Abdul Qasim Mohammad Badruddoza Chowdhury (known as AQM Badrudozza Chowdhury;  ; born 1 November 1932) served as the President of Bangladesh from 14 November 2001 until his resignation on 21 June 2002. He was the founding secretary-general of Bangladesh Nationalist Party (BNP).

He is also a physician, and former cultural activist, an author, essayist, playwright, television presenter and an orator of distinction. He was awarded the National Television Award in 1976.

Early life
Chowdhury was born in his maternal grandfather's house in Comilla. His grandfather's home is in Majidpur Dayhata, Srinagar, Bikrampur (now Munshiganj District). His father's name is Kafiluddin chowdhury former provincial minister of East Pakistan and awami league leader .He passed his SSC from St Gregory's School in 1947 and HSC from Dhaka College in 1949. He earned his MBBS degree from Dhaka Medical College in 1954–1955.
His father Kafiluddin Chowdhury was a political leader of Awami League, a former general secretary of the United Front serving as Minister in the United Front provincial cabinet of the then East Pakistan.

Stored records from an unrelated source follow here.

lemma sym_pos_def_sqrt_on_eigenvector:
  assumes T: "sym_pos_def T" "T ** T = P" and b: "P *v b = l *\<^sub>R b" and l: "l \<ge> 0"
  shows "T *v b = sqrt l *\<^sub>R b"
proof (rule ccontr)
  define y where "y = T *v b - sqrt l *\<^sub>R b"
  assume "T *v b \<noteq> sqrt l *\<^sub>R b"
  then have "y \<noteq> 0" by (simp add: y_def)
  have "T *v y = (T ** T) *v b - sqrt l *\<^sub>R (T *v b)"
    by (simp add: y_def matrix_vector_mult_diff_distrib matrix_vector_mult_scaleR matrix_vector_mul_assoc)
  also have "\<dots> = - sqrt l *\<^sub>R y"
    using l by (simp add: T(2) b y_def algebra_simps)
  finally have "y \<bullet> (T *v y) = - sqrt l * (y \<bullet> y)" by simp
  also have "\<dots> \<le> 0" using l by simp
  finally show False using T(1) \<open>y \<noteq> 0\<close> by (simp add: sym_pos_def_def not_le[symmetric])
qed

lemma sym_pos_def_sqrt_exists:
  fixes P :: "real^'n^'n"
  assumes P: "sym_pos_def P"
  shows "\<exists>S. sym_pos_def S \<and> S ** S = P"
proof -
  have sym: "transpose P = P" using P by (simp add: sym_pos_def_def)
  obtain B l where B: "orthonormal_eigenbasis P B l"
    by (rule symmetric_matrix_orthonormal_eigenbasis[OF sym])
  have l: "l b > 0" if "b \<in> B" for b
    using B that by (intro sym_pos_def_eigenvalue_pos[OF P, of b]) (auto simp: orthonormal_eigenbasis_def)
  define S :: "real^'n^'n" where "S = (\<chi> i j. \<Sum>b\<in>B. sqrt (l b) * b$i * b$j)"
  have Sx: "S *v x = (\<Sum>b\<in>B. (sqrt (l b) * (x \<bullet> b)) *\<^sub>R b)" for x
    by (simp add: S_def vec_eq_iff matrix_vector_mult_def inner_vec_def sum_component sum_distrib_left
        sum_distrib_right sum.swap[of _ B] mult_ac)
  have Sb: "S *v c = sqrt (l c) *\<^sub>R c" if c: "c \<in> B" for c
  proof -
    have "S *v c = (\<Sum>b\<in>B. if b = c then sqrt (l c) *\<^sub>R c else 0)"
      unfolding Sx using orthonormal_eigenbasis_inner[OF B _ c] by (intro sum.cong) (auto simp: inner_commute)
    then show ?thesis using B c by (simp add: orthonormal_eigenbasis_def)
  qed
  have S: "orthonormal_eigenbasis S B (\<lambda>b. sqrt (l b))"
    using B Sb by (simp add: orthonormal_eigenbasis_def)
  have "sym_pos_def S"
    by (rule orthonormal_eigenbasis_sym_pos_def[OF _ S])
      (auto simp: S_def transpose_def vec_eq_iff mult_ac l)
  moreover have "S ** S = P"
  proof (rule matrix_eq_on_spanning_set)
    show "span B = UNIV" using B by (simp add: orthonormal_eigenbasis_def)
    show "(S ** S) *v b = P *v b" if "b \<in> B" for b
      using that B l[OF that] by (simp add: matrix_vector_mul_assoc[symmetric] Sb matrix_vector_mult_scaleR
          orthonormal_eigenbasis_def)
  qed
  ultimately show ?thesis by blast
qed

lemma sym_pos_def_sqrt_unique:
  fixes P :: "real^'n^'n"
  assumes P: "sym_pos_def P" and S: "sym_pos_def S" "S ** S = P" and T: "sym_pos_def T" "T ** T = P"
  shows "S = T"
proof -
  have sym: "transpose P = P" using P by (simp add: sym_pos_def_def)
  obtain B l where B: "orthonormal_eigenbasis P B l"
    by (rule symmetric_matrix_orthonormal_eigenbasis[OF sym])
  show ?thesis
  proof (rule matrix_eq_on_spanning_set)
    show "span B = UNIV" using B by (simp add: orthonormal_eigenbasis_def)
    fix b assume "b \<in> B"
    then have "P *v b = l b *\<^sub>R b" "l b > 0"
      using B by (auto simp: orthonormal_eigenbasis_def intro!: sym_pos_def_eigenvalue_pos[OF P, of b])
    then show "S *v b = T *v b"
      using sym_pos_def_sqrt_on_eigenvector[OF S, of b "l b"] sym_pos_def_sqrt_on_eigenvector[OF T, of b "l b"]
      by simp
  qed
qed
text \<open>Under the same hypotheses (1 - q)^n \<rightarrow> e^{-\<mu>}; eventually q \<le> 1/2, where
  -q - 2q^2 \<le> ln(1 - q) \<le> -q squeezes n ln(1 - q) towards -\<mu>.\<close>
lemma one_minus_power_tendsto_exp:
  fixes n :: "'a \<Rightarrow> nat" and q :: "'a \<Rightarrow> real"
  assumes q_nonneg: "\<forall>\<^sub>F k in F. 0 \<le> q k"
    and q0: "(q \<longlongrightarrow> 0) F" and nq: "((\<lambda>k. real (n k) * q k) \<longlongrightarrow> \<mu>) F"
  shows "((\<lambda>k. (1 - q k) ^ n k) \<longlongrightarrow> exp (- \<mu>)) F"
proof -
  have "\<forall>\<^sub>F k in F. q k < 1/2"
    using order_tendstoD(2)[OF q0, of "1/2"] by simp
  with q_nonneg have small: "\<forall>\<^sub>F k in F. 0 \<le> q k \<and> q k \<le> 1/2"
    by eventually_elim auto
  have log_lim: "((\<lambda>k. real (n k) * ln (1 - q k)) \<longlongrightarrow> - \<mu>) F"
  proof (rule tendsto_sandwich[where f="\<lambda>k. - (real (n k) * q k) - 2 * (real (n k) * q k) * q k"
                                 and h="\<lambda>k. - (real (n k) * q k)"])
    show "\<forall>\<^sub>F k in F. - (real (n k) * q k) - 2 * (real (n k) * q k) * q k \<le> real (n k) * ln (1 - q k)"
      using small
    proof eventually_elim
      case (elim k)
      have "- q k - 2 * (q k)\<^sup>2 \<le> ln (1 - q k)"
        using elim by (intro ln_one_minus_pos_lower_bound) auto
      hence "real (n k) * (- q k - 2 * (q k)\<^sup>2) \<le> real (n k) * ln (1 - q k)"
        by (intro mult_left_mono) auto
      thus ?case by (simp add: power2_eq_square algebra_simps)
    qed
    show "\<forall>\<^sub>F k in F. real (n k) * ln (1 - q k) \<le> - (real (n k) * q k)"
      using small
    proof eventually_elim
      case (elim k)
      have "ln (1 - q k) \<le> - q k"
        using elim ln_le_minus_one[of "1 - q k"] by auto
      hence "real (n k) * ln (1 - q k) \<le> real (n k) * (- q k)"
        by (rule mult_left_mono) simp
      thus ?case by simp
    qed
    show "((\<lambda>k. - (real (n k) * q k)) \<longlongrightarrow> - \<mu>) F"
      by (intro tendsto_intros nq)
    show "((\<lambda>k. - (real (n k) * q k) - 2 * (real (n k) * q k) * q k) \<longlongrightarrow> - \<mu>) F"
      using tendsto_diff[OF tendsto_minus[OF nq] tendsto_mult[OF tendsto_mult[OF tendsto_const nq] q0]]
      by simp
  qed
  have "((\<lambda>k. exp (real (n k) * ln (1 - q k))) \<longlongrightarrow> exp (- \<mu>)) F"
    by (intro tendsto_intros log_lim)
  moreover have "\<forall>\<^sub>F k in F. exp (real (n k) * ln (1 - q k)) = (1 - q k) ^ n k"
    using small by eventually_elim (simp add: exp_of_nat_mult)
  ultimately show ?thesis by (rule Lim_transform_eventually)
qed

text \<open>The law of rare events: Binomial(n, q) tends pointwise to Poisson(\<mu>) when q \<rightarrow> 0
  and n q \<rightarrow> \<mu>. When l > n both sides of the factorisation below vanish.\<close>
lemma binomial_pmf_tendsto_poisson_weight:
  fixes n :: "'a \<Rightarrow> nat" and q :: "'a \<Rightarrow> real"
  assumes q_nonneg: "\<forall>\<^sub>F k in F. 0 \<le> q k"
    and q0: "(q \<longlongrightarrow> 0) F" and nq: "((\<lambda>k. real (n k) * q k) \<longlongrightarrow> \<mu>) F"
  shows "((\<lambda>k. pmf (binomial_pmf (n k) (q k)) l) \<longlongrightarrow> poisson_weight \<mu> l) F"
proof -
  have "((\<lambda>k. real (n k choose l) * q k ^ l * ((1 - q k) ^ n k / (1 - q k) ^ l))
          \<longlongrightarrow> \<mu> ^ l / fact l * (exp (- \<mu>) / 1 ^ l)) F"
    by (intro tendsto_intros choose_times_power_tendsto one_minus_power_tendsto_exp
              assms tendsto_diff[OF tendsto_const q0, of 1, simplified]) simp
  moreover have "\<forall>\<^sub>F k in F. real (n k choose l) * q k ^ l * ((1 - q k) ^ n k / (1 - q k) ^ l)
                              = pmf (binomial_pmf (n k) (q k)) l"
    using q_nonneg order_tendstoD(2)[OF q0, of 1, simplified]
  proof eventually_elim
    case (elim k)
    show ?case
    proof (cases "l \<le> n k")
      case True
      thus ?thesis using elim by (simp add: power_diff)
    qed (use elim in \<open>simp add: binomial_eq_0\<close>)
  qed
  ultimately show ?thesis by (simp add: poisson_weight_def Lim_transform_eventually)
qed

text \<open>The number of draws \<lfloor>p V\<rfloor> is p V up to an error below 1.\<close>
lemma floor_mult_over_tendsto:
  fixes p :: real
  assumes "0 \<le> p"
  shows "(\<lambda>V::nat. real (nat \<lfloor>p * real V\<rfloor>) / real V) \<longlonglongrightarrow> p"
proof (rule tendsto_sandwich[where f="\<lambda>V. p - 1 / real V" and h="\<lambda>_. p"])
  show "\<forall>\<^sub>F V in sequentially. p - 1 / real V \<le> real (nat \<lfloor>p * real V\<rfloor>) / real V"
    using eventually_gt_at_top[of "0::nat"]
  proof eventually_elim
    case (elim V)
    have "p * real V - 1 \<le> real (nat \<lfloor>p * real V\<rfloor>)"
      using assms floor_correct[of "p * real V"] by (simp add: of_nat_nat)
    thus ?case using elim by (simp add: le_divide_eq algebra_simps)
  qed
  show "\<forall>\<^sub>F V in sequentially. real (nat \<lfloor>p * real V\<rfloor>) / real V \<le> p"
    using assms by (intro always_eventually allI) (simp add: divide_le_eq mult.commute)
  show "(\<lambda>V. p - 1 / real V) \<longlonglongrightarrow> p"
    using tendsto_diff[OF tendsto_const lim_inverse_n', of p] by (simp add: divide_inverse)
qed simp

definition urn_binomial :: "real \<Rightarrow> nat \<Rightarrow> nat \<Rightarrow> nat \<Rightarrow> real" where
  "urn_binomial p l V v = pmf (binomial_pmf (nat \<lfloor>p * real V\<rfloor>) (real v / real V)) l"

lemma urn_binomial_tendsto_poisson:
  fixes p :: real and v l :: nat
  assumes "0 \<le> p"
  shows "(\<lambda>V. urn_binomial p l V v) \<longlonglongrightarrow> poisson_weight (p * real v) l"
  unfolding urn_binomial_def
proof (rule binomial_pmf_tendsto_poisson_weight)
  show "(\<lambda>V. real v / real V) \<longlonglongrightarrow> 0"
    by (rule tendsto_divide_0[OF tendsto_const filterlim_at_top_imp_at_infinity[OF filterlim_real_sequentially]])
  have "(\<lambda>V. real (nat \<lfloor>p * real V\<rfloor>) / real V * real v) \<longlonglongrightarrow> p * real v"
    by (intro tendsto_mult floor_mult_over_tendsto assms tendsto_const)
  thus "(\<lambda>V. real (nat \<lfloor>p * real V\<rfloor>) * (real v / real V)) \<longlonglongrightarrow> p * real v"
    by (simp add: field_simps)
qed simp

lemma map_pmf_eq_bernoulli:
  "map_pmf (\<lambda>y. y = x) Q = bernoulli_pmf (pmf Q x)"
proof (rule pmf_eqI)
  fix b :: bool
  have "measure Q (UNIV - {x}) = 1 - pmf Q x"
    using measure_pmf.prob_compl[of "{x}" Q] by (simp add: measure_pmf_single)
  moreover have "{y. y \<noteq> x} = UNIV - {x}" by auto
  ultimately show "pmf (map_pmf (\<lambda>y. y = x) Q) b = pmf (bernoulli_pmf (pmf Q x)) b"
    by (cases b) (simp_all add: pmf_map vimage_def measure_pmf_single pmf_le_1)
qed

lemma count_hits_binomial:
  "map_pmf (\<lambda>d. card {t. t < n \<and> d t = x}) (Pi_pmf {..<n} dflt (\<lambda>_. Q))
     = binomial_pmf n (pmf Q x)"
proof -
  have "binomial_pmf n (pmf Q x) =
     map_pmf (\<lambda>f. card {t\<in>{..<n}. f t}) (Pi_pmf {..<n} (dflt = x) (\<lambda>_. bernoulli_pmf (pmf Q x)))"
    by (rule binomial_pmf_altdef') (auto simp: pmf_le_1)
  also have "Pi_pmf {..<n} (dflt = x) (\<lambda>_. bernoulli_pmf (pmf Q x))
      = map_pmf (\<lambda>h. (\<lambda>y. y = x) \<circ> h) (Pi_pmf {..<n} dflt (\<lambda>_. Q))"
    using Pi_pmf_map[of "{..<n}" "\<lambda>y. y = x" dflt "dflt = x" "\<lambda>_. Q"]
    by (simp add: map_pmf_eq_bernoulli)
  finally show ?thesis by (simp add: pmf.map_comp o_def)
qed

lemma colour_of_uniform_ball:
  fixes vs :: "nat \<Rightarrow> nat"
  assumes "i < K" and "0 < (\<Sum>i<K. vs i)"
  shows "pmf (map_pmf fst (pmf_of_set {(i, b). i < K \<and> b < vs i})) i
         = real (vs i) / real (\<Sum>i<K. vs i)"
proof -
  define S where "S = {(i, b). i < K \<and> b < vs i}"
  have S: "S = Sigma {..<K} (\<lambda>i. {..<vs i})" by (auto simp: S_def)
  have fin: "finite S" unfolding S by (intro finite_SigmaI) auto
  have card_S: "card S = (\<Sum>i<K. vs i)" by (simp add: S card_SigmaI)
  have "S \<inter> fst -` {i} = {i} \<times> {..<vs i}" using assms by (auto simp: S_def)
  hence "card (S \<inter> fst -` {i}) = vs i" by simp
  moreover have "S \<noteq> {}" using card_S assms by auto
  ultimately show ?thesis
    using fin card_S unfolding S_def[symmetric]
    by (simp add: pmf_map measure_pmf_of_set)
qed

lemma urn_counts_marginal:
  fixes D :: "nat pmf" and K i :: nat
  assumes "i < K" and D: "set_pmf D \<subseteq> {1..}"
  shows "map_pmf (\<lambda>c. c i) (urn_counts D p K) =
    Pi_pmf {..<K} 0 (\<lambda>_. D) \<bind>
      (\<lambda>vs. binomial_pmf (nat \<lfloor>p * real (\<Sum>i<K. vs i)\<rfloor>) (real (vs i) / real (\<Sum>i<K. vs i)))"
  unfolding urn_counts_def map_bind_pmf Let_def
proof (intro bind_pmf_cong[OF refl])
  fix vs assume vs: "vs \<in> set_pmf (Pi_pmf {..<K} 0 (\<lambda>_. D))"
  define V where "V = (\<Sum>i<K. vs i)"
  define n where "n = nat \<lfloor>p * real V\<rfloor>"
  define Q where "Q = map_pmf fst (pmf_of_set {(i, b). i < K \<and> b < vs i})"
  have "vs i \<in> set_pmf D"
    using vs assms(1) by (auto simp: set_Pi_pmf PiE_dflt_def)
  hence "0 < vs i" using D by auto
  moreover have "vs i \<le> V" unfolding V_def using assms(1) by (intro member_le_sum) auto
  ultimately have "pmf Q i = real (vs i) / real V"
    unfolding Q_def V_def by (intro colour_of_uniform_ball assms(1)) simp
  hence "map_pmf (\<lambda>d. card {t. t < n \<and> d t = i}) (Pi_pmf {..<n} 0 (\<lambda>_. Q))
           = binomial_pmf n (real (vs i) / real V)"
    by (simp add: count_hits_binomial)
  thus "Pi_pmf {..<nat \<lfloor>p * real (sum vs {..<K})\<rfloor>} 0
          (\<lambda>_. map_pmf fst (pmf_of_set {(i, b). i < K \<and> b < vs i})) \<bind>
        (\<lambda>x. map_pmf (\<lambda>c. c i) (return_pmf (\<lambda>i. card {t. t < nat \<lfloor>p * real (sum vs {..<K})\<rfloor> \<and> x t = i})))
        = binomial_pmf (nat \<lfloor>p * real (\<Sum>i<K. vs i)\<rfloor>) (real (vs i) / real (\<Sum>i<K. vs i))"
    by (simp add: n_def V_def Q_def map_pmf_def[symmetric] pmf.map_comp o_def)
qed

His mother is Sufia Khatun.

Medical career
Chowdhury started his career in the medical profession. He served as an associate professor of medicine in Rajshahi Medical College in 1964 and Sir Salimullah Medical College during 1964–1970 and professor of medicine in Sylhet Medical College in 1970. He served as the president of National Anti-Tuberculosis Association of Bangladesh (NATAB), president of International Union Against Tuberculosis of Lung Diseases (IUATLD) of Asia Pacific Zone.

Political career
Being inspired by Ziaur Rahman, the founder chairman of the party, Badruddoza entered into politics as the secretary general of the BNP during its early years. He won the parliament election of 1979 as a BNP nominee from Munshiganj and served as cabinet minister during the years 1979–1982. When the BNP again won parliamentary elections in 1991, after a short stint as Education and Cultural Affairs Minister, he was appointed Deputy Leader of the House of Bangladesh parliament.

Presidency
Chowdhury was appointed the foreign minister of Bangladesh when BNP party came to power in 2001. In November 2001, he was elected the President of Bangladesh by Jatiyo Sangshad members. Seven months later the incident of him deciding not to visit BNP founder Ziaur Rahman's grave on his death anniversary provoked the party members. They accused him of betraying the party. In June 2002, Chowdhury resigned from office as was asked by the ruling party before the situation could turn any murkier.

Bikalpa Dhara
Chowdhury felt the need of a third force in the de facto two-party democracy in Bangladesh. He expressed recruiting civil society members in politics to fight corruption and terrorism and establish good governance in the country through an alternate stream (lit. Bikalpa Dhara) political party. He, along with his son Mahi B. Chowdhury and BNP parliamentarian M A Mannan resigned from the BNP to work for the new political party. Chowdhury was the president, with M A Mannan as the secretary-general of the new party, Bikalpa Dhara Bangladesh, formed in March 2004. It had been a strong critic of the government during the time, and most of its members were defects from the ruling BNP.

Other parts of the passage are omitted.